_What is needed_
Every line below between the line holding "normalisation \<open>(k - 1)(N" and the line holding "simp: l_def field_simps)", inclusive, should be repeated exactly, and all other lines omitted.

Stored data entries
....................

(* For all integers $N\ge 3$ and $2\le k\le N$, $$\alpha\bigl(P^{\mathsf{ucc}}_{k,N}\bigr)^{-1}\;\le\;\frac{N}{N-1}\,\alpha\bigl(P^{\mathsf{ucc}}_{k-1,N-1}\bigr)^{-1}+3\log N.$$
   Context: $\Theta_{k,N}$ denotes the set of $k$-tuples $(x_1,\dots,x_k)\in[N]^k$ with pairwise distinct entries. For $x\in\Theta_{k,N}$, $i\in[k]$, $\ell\in[N]$, define $x^{i,\ell}\in\Theta_{k,N}$: if $\ell\notin\{x_1,\dots,x_k\}$, $x^{i,\ell}$ is $x$ with the $i$-th entry replaced by $\ell$; if $\ell=x_j$ for some $j$, $x^{i,\ell}$ is $x$ with the entries in positions $i$ and $j$ swapped. Uniform $k$-clique $N$-coloring chain $P^{\mathsf{ucc}}_{k,N}$: the Markov chain on $\Theta_{k,N}$ which from state $x$ picks uniformly random $\boldsymbol i\in[k]$ and $\boldsymbol\ell\in[N]$ independently and moves to $x^{\boldsymbol i,\boldsymbol\ell}$. Its stationary distribution is uniform on $\Theta_{k,N}$. Log-Sobolev constant: for an ergodic Markov chain with transition matrix $P$ on finite state space $V$ with stationary distribution $\pi$, $\mathcal E_P(g,g)=\frac12\sum_{x,y\in V}(g(x)-g(y))^2\pi(x)P(x,y)$; for $f:V\to\mathbb R_{\ge 0}$, $\mathrm{Ent}_\pi[f]=\sum_{x}\pi(x)f(x)\log\frac{f(x)}{\mathbb E_\pi[f]}$ (natural log); and $\alpha(P)=\inf\{\mathcal E_P(\sqrt f,\sqrt f)/\mathrm{Ent}_\pi[f] : f\ge 0,\ f \text{ non-constant}\}$. *)

theory Defs
  imports Complex_Main
begin

definition dirichlet_form ::
  "'a set \<Rightarrow> ('a \<Rightarrow> real) \<Rightarrow> ('a \<Rightarrow> 'a \<Rightarrow> real) \<Rightarrow> ('a \<Rightarrow> real) \<Rightarrow> real" where
  "dirichlet_form V mu P g =
     (1/2) * (\<Sum>x\<in>V. \<Sum>y\<in>V. (g x - g y)^2 * mu x * P x y)"

definition expect :: "'a set \<Rightarrow> ('a \<Rightarrow> real) \<Rightarrow> ('a \<Rightarrow> real) \<Rightarrow> real" where
  "expect V mu f = (\<Sum>x\<in>V. mu x * f x)"

text \<open>Entropy; note that in Isabelle ln 0 = 0, so terms with f x = 0
contribute 0, matching the convention 0 log 0 = 0.\<close>
definition entropy :: "'a set \<Rightarrow> ('a \<Rightarrow> real) \<Rightarrow> ('a \<Rightarrow> real) \<Rightarrow> real" where
  "entropy V mu f = (\<Sum>x\<in>V. mu x * f x * ln (f x / expect V mu f))"

definition log_sobolev ::
  "'a set \<Rightarrow> ('a \<Rightarrow> real) \<Rightarrow> ('a \<Rightarrow> 'a \<Rightarrow> real) \<Rightarrow> real" where
  "log_sobolev V mu P =
     Inf {dirichlet_form V mu P (\<lambda>x. sqrt (f x)) / entropy V mu f | f.
            (\<forall>x\<in>V. f x \<ge> 0) \<and> (\<exists>x\<in>V. \<exists>y\<in>V. f x \<noteq> f y)}"

definition Theta :: "nat \<Rightarrow> nat \<Rightarrow> nat list set" where
  "Theta k N = {x. length x = k \<and> distinct x \<and> set x \<subseteq> {1..N}}"

definition move :: "nat list \<Rightarrow> nat \<Rightarrow> nat \<Rightarrow> nat list" where
  "move x i l =
     (if l \<in> set x then
        (let j = (THE j. j < length x \<and> x ! j = l) in x[i := x ! j, j := x ! i])
      else x[i := l])"

text \<open>Uniform k-clique N-coloring chain: pick i in [k] (here positions 0..k-1)
and l in [N] uniformly and independently.\<close>
definition P_ucc :: "nat \<Rightarrow> nat \<Rightarrow> nat list \<Rightarrow> nat list \<Rightarrow> real" where
  "P_ucc k N x y =
     real (card {(i, l). i < k \<and> l \<in> {1..N} \<and> move x i l = y}) / (real k * real N)"

definition pi_unif :: "nat \<Rightarrow> nat \<Rightarrow> nat list \<Rightarrow> real" where
  "pi_unif k N x = 1 / real (card (Theta k N))"

definition alpha_ucc :: "nat \<Rightarrow> nat \<Rightarrow> real" where
  "alpha_ucc k N = log_sobolev (Theta k N) (pi_unif k N) (P_ucc k N)"

end

theory Submission
  imports Defs "HOL-Analysis.Convex" "HOL-Analysis.L2_Norm" "HOL-Combinatorics.Transposition"
begin

text \<open>
  Fix a position \<open>j\<close> and split \<open>\<Theta>\<^sub>k\<^sub>,\<^sub>N\<close> into the fibres \<open>x\<^sub>j = c\<close>. By the chain rule the
  entropy is the sum of the entropies inside the fibres plus the entropy of the colour marginal.
  Each fibre is a copy of \<open>\<Theta>\<^sub>k\<^sub>-\<^sub>1\<^sub>,\<^sub>N\<^sub>-\<^sub>1\<close> (delete position \<open>j\<close>, close the gap at \<open>c\<close>), and
  the moves of the smaller chain are exactly the moves \<open>(i,l)\<close> with \<open>i \<noteq> j\<close>, \<open>l \<noteq> c\<close>, so the
  fibre entropies are controlled by the smaller log-Sobolev constant. The marginal is
  controlled by a log-Sobolev inequality for the complete graph on \<open>N\<close> colours with constant
  \<open>3 log N\<close>, which comes from the pointwise bound \<open>t\<^sup>2 log t\<^sup>2 - t\<^sup>2 + 1 \<le> 3 log N (t - 1)\<^sup>2\<close> on
  \<open>[0, N]\<close>, combined with the coupling of fibres \<open>c\<close> and \<open>c'\<close> by recolouring position \<open>j\<close>.
  Averaging over \<open>j\<close>, each move with \<open>i \<noteq> j\<close> is counted \<open>k - 1\<close> times, which turns the
  normalisation \<open>(k - 1)(N - 1)\<close> of the smaller chain into the factor \<open>N/(N - 1)\<close>.
\<close>

lemma one_le_ln_if_three_le:
  assumes "3 \<le> (M::real)"
  shows "1 \<le> ln M"
proof -
  have "exp 1 \<le> M" using exp_le assms by linarith
  then show ?thesis using assms by (subst ln_ge_iff) auto
qed

lemma two_mul_ln_le_linear:
  fixes M s :: real
  assumes M: "3 \<le> M" and s: "1 \<le> s" "s \<le> M"
  shows "2 * s * ln s \<le> 3 * ln M * (s - 1)"
proof -
  define R where "R = (\<lambda>s::real. 2 * s * ln s - 3 * ln M * (s - 1))"
  have convex: "convex_on {1..M} R"
  proof (rule convex_on_realI[where f'="\<lambda>s. 2 * ln s + 2 - 3 * ln M"])
    fix x assume "x \<in> {1..M}"
    then show "(R has_real_derivative 2 * ln x + 2 - 3 * ln M) (at x)"
      unfolding R_def by (auto intro!: derivative_eq_intros simp: field_simps)
  qed auto
  define l where "l = (s - 1) / (M - 1)"
  have l: "0 \<le> l" "l \<le> 1" using M s by (auto simp: l_def field_simps)
  have "l * (M - 1) = s - 1" using M by (simp add: l_def)
  then have "(1 - l) *\<^sub>R 1 + l *\<^sub>R M = s" by (simp add: algebra_simps)
  then have "R s \<le> (1 - l) * R 1 + l * R M"
    using convex_onD[OF convex l, of 1 M] M by auto
  also have "\<dots> = l * (ln M * (3 - M))" by (simp add: R_def algebra_simps)
  also have "\<dots> \<le> 0"
    using M one_le_ln_if_three_le[OF M] l by (intro mult_nonneg_nonpos) auto
  finally show ?thesis by (simp add: R_def)
qed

....................

_Problem solution_
  normalisation \<open>(k - 1)(N - 1)\<close> of the smaller chain into the factor \<open>N/(N - 1)\<close>.
\<close>

lemma one_le_ln_if_three_le:
  assumes "3 \<le> (M::real)"
  shows "1 \<le> ln M"
proof -
  have "exp 1 \<le> M" using exp_le assms by linarith
  then show ?thesis using assms by (subst ln_ge_iff) auto
qed

lemma two_mul_ln_le_linear:
  fixes M s :: real
  assumes M: "3 \<le> M" and s: "1 \<le> s" "s \<le> M"
  shows "2 * s * ln s \<le> 3 * ln M * (s - 1)"
proof -
  define R where "R = (\<lambda>s::real. 2 * s * ln s - 3 * ln M * (s - 1))"
  have convex: "convex_on {1..M} R"
  proof (rule convex_on_realI[where f'="\<lambda>s. 2 * ln s + 2 - 3 * ln M"])
    fix x assume "x \<in> {1..M}"
    then show "(R has_real_derivative 2 * ln x + 2 - 3 * ln M) (at x)"
      unfolding R_def by (auto intro!: derivative_eq_intros simp: field_simps)
  qed auto
  define l where "l = (s - 1) / (M - 1)"
  have l: "0 \<le> l" "l \<le> 1" using M s by (auto simp: l_def field_simps)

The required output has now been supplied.